Segera ku ambil jilbab instanku memakainya sambil berjalan menuju pintu. Saat aku keluar terlihat mbak Siti yang sudah dikerubungi beberapa ibu-ibu

Aku berjalan kearah mbak Siti, karena mbak Siti berhenti di simpangan jalan tidak jauh dari rumah. Hebatnya teriakan mbak siti mampu menembus rumahku yang berjarak enam rumah dari posisinya. Bahkan yang rumahnya lebih jauh dari rumahpun masih bisa mendengar teriakan mbak siti

Sudah ada Bu Ida, mbak Lastri dan Putri yang sudah memilih belanjaan

"Selamat pagi Tari, masak apa hari ini" tanya Bu Ida menoleh padaku

"Bagi Bu, pagi semua. Masih bingung Bu saya mau masak apa" aku pun tersenyum tipis pada Bu Ida

"Makan cuma seorang mah enak mbak, gak usa pusing. Gak masak juga gak papa bisa beli jadi" celetuk mbak Lastri

"Kasian nanti mbak Siti kalau saya beli jadi, gak ada yang belanja kalau semua semua beli jadi" jawabku sembari tersenyum

"Nahhh betul itu mbak Tari" mbak Siti ikut menyauti, kami tertawa bersama

Beginilah hidupku, hidup seorang diri. Tanpa keluarga, tanpa orang tua dan saudara. Namaku Mentari, usiaku sudah 24 tahun dan belum menikah. Kedua orang tuaku meninggal setahun yang lalu karena sebuah kecelakaan. Dan aku anak satu satunya.

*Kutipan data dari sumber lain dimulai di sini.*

(* For every list (of any length $l$, in any initial order) and every request sequence $\sigma$ of length $n$, there is a deterministic online algorithm with advice that serves $\sigma$ at cost exactly $\mathrm{OPT}(\sigma)$ while reading at most $\mathrm{OPT}(\sigma)-n$ bits of advice, where costs are measured in the full cost model.
   Context: Static list update problem: a list contains $l$ distinct items in some initial order; a request sequence $\sigma=\langle\sigma_1,\dots,\sigma_n\rangle$ of items of the list must be served in order (online: when serving $\sigma_t$ the algorithm does not know $\sigma_{t+1},\dots$). Serving a request to the item currently at position $i$ (positions $1,\dots,l$ from the front) costs $i$ in the full cost model and $i-1$ in the partial cost model. Immediately after an access, the accessed item may be moved to any position closer to the front at no cost (free exchange); at any time, two adjacent items may be swapped at cost $1$ (paid exchange). For an algorithm $A$, $A(\sigma)$ denotes its total cost on $\sigma$, and $\mathrm{OPT}(\sigma)$ denotes the minimum total cost of any offline algorithm (knowing $\sigma$ in advance) serving $\sigma$ from the same initial list. Advice model: before serving, a benevolent oracle that knows the whole sequence $\sigma$ writes an infinite binary string (the advice tape); the online algorithm may read bits from the tape at any time. The number of advice bits read on $\sigma$ is the length of the shortest prefix of the tape containing all bits accessed. *)

theory Defs
  imports Main
begin

(* Lists are modelled as distinct HOL lists; index 0 is the front. *)

(* 0-based position of item x in list L (meaningful when x occurs in L) *)
definition pos :: "'a list \<Rightarrow> 'a \<Rightarrow> nat" where
  "pos L x = (LEAST i. i < length L \<and> L ! i = x)"

(* paid exchange: swap the adjacent items at 0-based positions i and i+1 *)
definition swap_adj :: "nat \<Rightarrow> 'a list \<Rightarrow> 'a list" where
  "swap_adj i L = L[i := L ! Suc i, Suc i := L ! i]"

definition swaps :: "nat list \<Rightarrow> 'a list \<Rightarrow> 'a list" where
  "swaps ps L = fold swap_adj ps L"

(* free exchange: move item x to 0-based position j *)
definition move_to :: "nat \<Rightarrow> 'a \<Rightarrow> 'a list \<Rightarrow> 'a list" where
  "move_to j x L = (let ys = remove1 x L in take j ys @ x # drop j ys)"

(* An action for one request: a list of paid exchanges performed before the
   access, and the (0-based) target position of the free exchange performed
   immediately after the access. *)
type_synonym action = "nat list \<times> nat"

definition valid_action :: "'a list \<Rightarrow> 'a \<Rightarrow> action \<Rightarrow> bool" where
  "valid_action L x a \<longleftrightarrow>
     (\<forall>i\<in>set (fst a). Suc i < length L) \<and> snd a \<le> pos (swaps (fst a) L) x"

definition step_state :: "'a list \<Rightarrow> 'a \<Rightarrow> action \<Rightarrow> 'a list" where
  "step_state L x a = move_to (snd a) x (swaps (fst a) L)"

(* full cost model: access to position i (1-based) costs i; each paid exchange costs 1 *)
definition step_cost :: "'a list \<Rightarrow> 'a \<Rightarrow> action \<Rightarrow> nat" where
  "step_cost L x a = length (fst a) + (pos (swaps (fst a) L) x + 1)"

fun valid_run :: "'a list \<Rightarrow> 'a list \<Rightarrow> action list \<Rightarrow> bool" where
  "valid_run L [] [] = True"
| "valid_run L (x # xs) (a # as) = (valid_action L x a \<and> valid_run (step_state L x a) xs as)"
| "valid_run L _ _ = False"

fun run_cost :: "'a list \<Rightarrow> 'a list \<Rightarrow> action list \<Rightarrow> nat" where
  "run_cost L (x # xs) (a # as) = step_cost L x a + run_cost (step_state L x a) xs as"
| "run_cost L _ _ = 0"

definition OPT :: "'a list \<Rightarrow> 'a list \<Rightarrow> nat" where
  "OPT L \<sigma> = (LEAST c. \<exists>as. valid_run L \<sigma> as \<and> run_cost L \<sigma> as = c)"

(* A deterministic online algorithm with advice: given the initial list, the
   requests revealed so far (the last one being the current request) and the
   advice tape, it chooses the action for the current request. *)
type_synonym 'a advice_alg = "'a list \<Rightarrow> 'a list \<Rightarrow> (nat \<Rightarrow> bool) \<Rightarrow> action"

definition alg_actions :: "'a advice_alg \<Rightarrow> 'a list \<Rightarrow> 'a list \<Rightarrow> (nat \<Rightarrow> bool) \<Rightarrow> action list" where
  "alg_actions A L \<sigma> w = map (\<lambda>t. A L (take (Suc t) \<sigma>) w) [0..<length \<sigma>]"

(* On input \<sigma> with tape w, A reads at most b advice bits: its behaviour is
   determined by the first b bits of the tape. *)
definition reads_at_most :: "'a advice_alg \<Rightarrow> 'a list \<Rightarrow> 'a list \<Rightarrow> (nat \<Rightarrow> bool) \<Rightarrow> nat \<Rightarrow> bool" where
  "reads_at_most A L \<sigma> w b \<longleftrightarrow>
     (\<forall>w'. (\<forall>i<b. w' i = w i) \<longrightarrow> alg_actions A L \<sigma> w' = alg_actions A L \<sigma> w)"

end

theory Submission
  imports Defs "HOL-Library.Product_Lexorder"
begin

text \<open>
  On a request to x at position p of the current list, the algorithm reads p advice bits, one
  for each item ahead of x, saying whether that item should end up behind x. It rearranges the
  list accordingly, using exactly as many paid exchanges as the rearrangement has inversions,
  and accesses x without a free exchange. Every item ahead of x either stays ahead of it or
  becomes an inversion, so the request costs at least p + 1 and at most cost - 1 bits are read.

  Any run through lists M_1, ..., M_n costs at least the sum of inv(M_(t-1), M_t) + pos(M_t, x_t) + 1,
  since a paid exchange creates at most one inversion and a free exchange moving x by d places
  at most d. Take an optimal run and let the advice say, for each item ahead of x_t, whether it
  lies behind x_t in M_t. The rearranged list T_t then lies between the algorithm's list N and
  M_t, i.e. inv(N, T_t) + inv(T_t, M_t) <= inv(N, M_t), and has x_t no further back than M_t;
  by the triangle inequality for inversion counts the algorithm's sum is at most the optimal one.
\<close>

lemma pos_less_length_nth_pos:
  assumes "x \<in> set K"
  shows "pos K x < length K \<and> K ! pos K x = x"
proof -
  obtain i where "i < length K" "K ! i = x" using assms by (auto simp: in_set_conv_nth)
  then show ?thesis unfolding pos_def by (rule LeastI[of "\<lambda>i. i < length K \<and> K ! i = x", OF conjI])
qed

lemma pos_less_length: "x \<in> set K \<Longrightarrow> pos K x < length K"
  using pos_less_length_nth_pos[of x K] by simp

lemma nth_pos [simp]: "x \<in> set K \<Longrightarrow> K ! pos K x = x"
  using pos_less_length_nth_pos[of x K] by simp

lemma pos_nth [simp]: "distinct K \<Longrightarrow> i < length K \<Longrightarrow> pos K (K ! i) = i"
  unfolding pos_def by (rule Least_equality) (auto simp: nth_eq_iff_index_eq)

lemma pos_eq_iff: "x \<in> set K \<Longrightarrow> y \<in> set K \<Longrightarrow> pos K x = pos K y \<longleftrightarrow> x = y"
  by (metis nth_pos)

lemma pos_less_or_greater:
  "x \<in> set K \<Longrightarrow> y \<in> set K \<Longrightarrow> x \<noteq> y \<Longrightarrow> pos K x < pos K y \<or> pos K y < pos K x"
  using pos_eq_iff linorder_neqE_nat by metis

lemma pos_append_Cons: "x \<notin> set us \<Longrightarrow> pos (us @ x # vs) x = length us"
  unfolding pos_def by (rule Least_equality) (auto simp: nth_append split: if_split_asm intro: leI dest: nth_mem)

lemma card_pos_less:
  assumes "distinct K" "x \<in> set K"
  shows "card {y \<in> set K. pos K y < pos K x} = pos K x"
proof -
  have "{y \<in> set K. pos K y < pos K x} = (!) K ` {..<pos K x}"
    using pos_less_length[OF assms(2)] assms(1)
    by (force intro: image_eqI[where x="pos K _"])
  moreover have "inj_on ((!) K) {..<pos K x}"
    using assms pos_less_length[OF assms(2)] by (auto simp: inj_on_def nth_eq_iff_index_eq)
  ultimately show ?thesis by (simp add: card_image)
qed

definition inversions :: "'a list \<Rightarrow> 'a list \<Rightarrow> ('a \<times> 'a) set" where
  "inversions K M = {(y, z). y \<in> set K \<and> z \<in> set K \<and> pos K y < pos K z \<and> pos M z < pos M y}"

definition ninv :: "'a list \<Rightarrow> 'a list \<Rightarrow> nat" where
  "ninv K M = card (inversions K M)"

lemma finite_inversions [simp]: "finite (inversions K M)"
  by (rule finite_subset[of _ "set K \<times> set K"]) (auto simp: inversions_def)

lemma inversions_self [simp]: "inversions K K = {}"
  by (auto simp: inversions_def)

lemma ninv_commute:
  assumes "set M = set K"
  shows "ninv K M = ninv M K"
proof -
  have "inversions M K = prod.swap ` inversions K M"
  proof (rule set_eqI)
    fix p :: "'a \<times> 'a"
    show "p \<in> inversions M K \<longleftrightarrow> p \<in> prod.swap ` inversions K M"
      using assms by (cases p) (auto simp: inversions_def image_iff)
  qed
  then show ?thesis unfolding ninv_def by (simp add: card_image)
qed

lemma ninv_triangle:
  assumes "set B = set A" "set C = set A"
  shows "ninv A C \<le> ninv A B + ninv B C"
proof -
  have "inversions A C \<subseteq> inversions A B \<union> inversions B C"
  proof
    fix p assume "p \<in> inversions A C"
    then obtain y z where p: "p = (y, z)" "y \<in> set A" "z \<in> set A" "y \<noteq> z"
      "pos A y < pos A z" "pos C z < pos C y"
      by (auto simp: inversions_def)
    then have "pos B y < pos B z \<or> pos B z < pos B y"
      using assms(1) pos_less_or_greater[of y B z] by auto
    then show "p \<in> inversions A B \<union> inversions B C"
      using p assms by (auto simp: inversions_def)
  qed
  then have "ninv A C \<le> card (inversions A B \<union> inversions B C)"
    unfolding ninv_def by (intro card_mono) auto
  also have "\<dots> \<le> ninv A B + ninv B C" unfolding ninv_def by (rule card_Un_le)
  finally show ?thesis .
qed

lemma ninv_between:
  assumes "set T = set N" "set M = set N"
    and common_order: "\<And>y z. y \<in> set N \<Longrightarrow> z \<in> set N \<Longrightarrow> pos N y < pos N z \<Longrightarrow>
      pos M y < pos M z \<Longrightarrow> pos T y < pos T z"
  shows "ninv N T + ninv T M \<le> ninv N M"
proof -
  have "inversions N T \<subseteq> inversions N M"
  proof
    fix p assume "p \<in> inversions N T"
    then obtain y z where p: "p = (y, z)" "y \<in> set N" "z \<in> set N" "y \<noteq> z"
      "pos N y < pos N z" "pos T z < pos T y"
      by (auto simp: inversions_def)
    then have "pos M z < pos M y"
      using assms(2) pos_less_or_greater[of y M z] common_order[of y z] by auto
    then show "p \<in> inversions N M" using p by (auto simp: inversions_def)
  qed
  moreover have "inversions T M \<subseteq> inversions N M"
  proof
    fix p assume "p \<in> inversions T M"
    then obtain y z where p: "p = (y, z)" "y \<in> set N" "z \<in> set N" "y \<noteq> z"
      "pos T y < pos T z" "pos M z < pos M y"
      using assms(1) by (auto simp: inversions_def)
    then have "pos N y < pos N z"
      using pos_less_or_greater[of y N z] common_order[of z y] by auto
    then show "p \<in> inversions N M" using p by (auto simp: inversions_def)
  qed
  moreover have "inversions N T \<inter> inversions T M = {}"
    using assms(1) by (auto simp: inversions_def)
  ultimately have "card (inversions N T) + card (inversions T M) \<le> card (inversions N M)"
    by (subst card_Un_disjoint[symmetric]) (auto intro: card_mono)
  then show ?thesis unfolding ninv_def .
qed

Pertama kali aku menghadapi masalah terbesar dalam hidupku. Kehilangan semuanya, aku seakan tak mampu lagi bertahan untuk hidup. Aku merasa Tuhan tidak adil padaku, terlebih disini aku tidak begitu banyak yang kukenal. Karena kami baru pindah 6 bulanan. Tapi aku bersyukur memiliki tetangga yang sangat baik

Aku harus menghidupi diriku sendiri setelah kepergian ayah dan ibu. Beruntung ayah meninggalkan sebuah toko kain kecil untuk ku kelolah. Yang mampu menghidupi ku sampai saat ini

Lamunanku buyar saat seseorang datang menyapa kami, mbak Mita tetangga berjarak 1 rumah dari rumah ku.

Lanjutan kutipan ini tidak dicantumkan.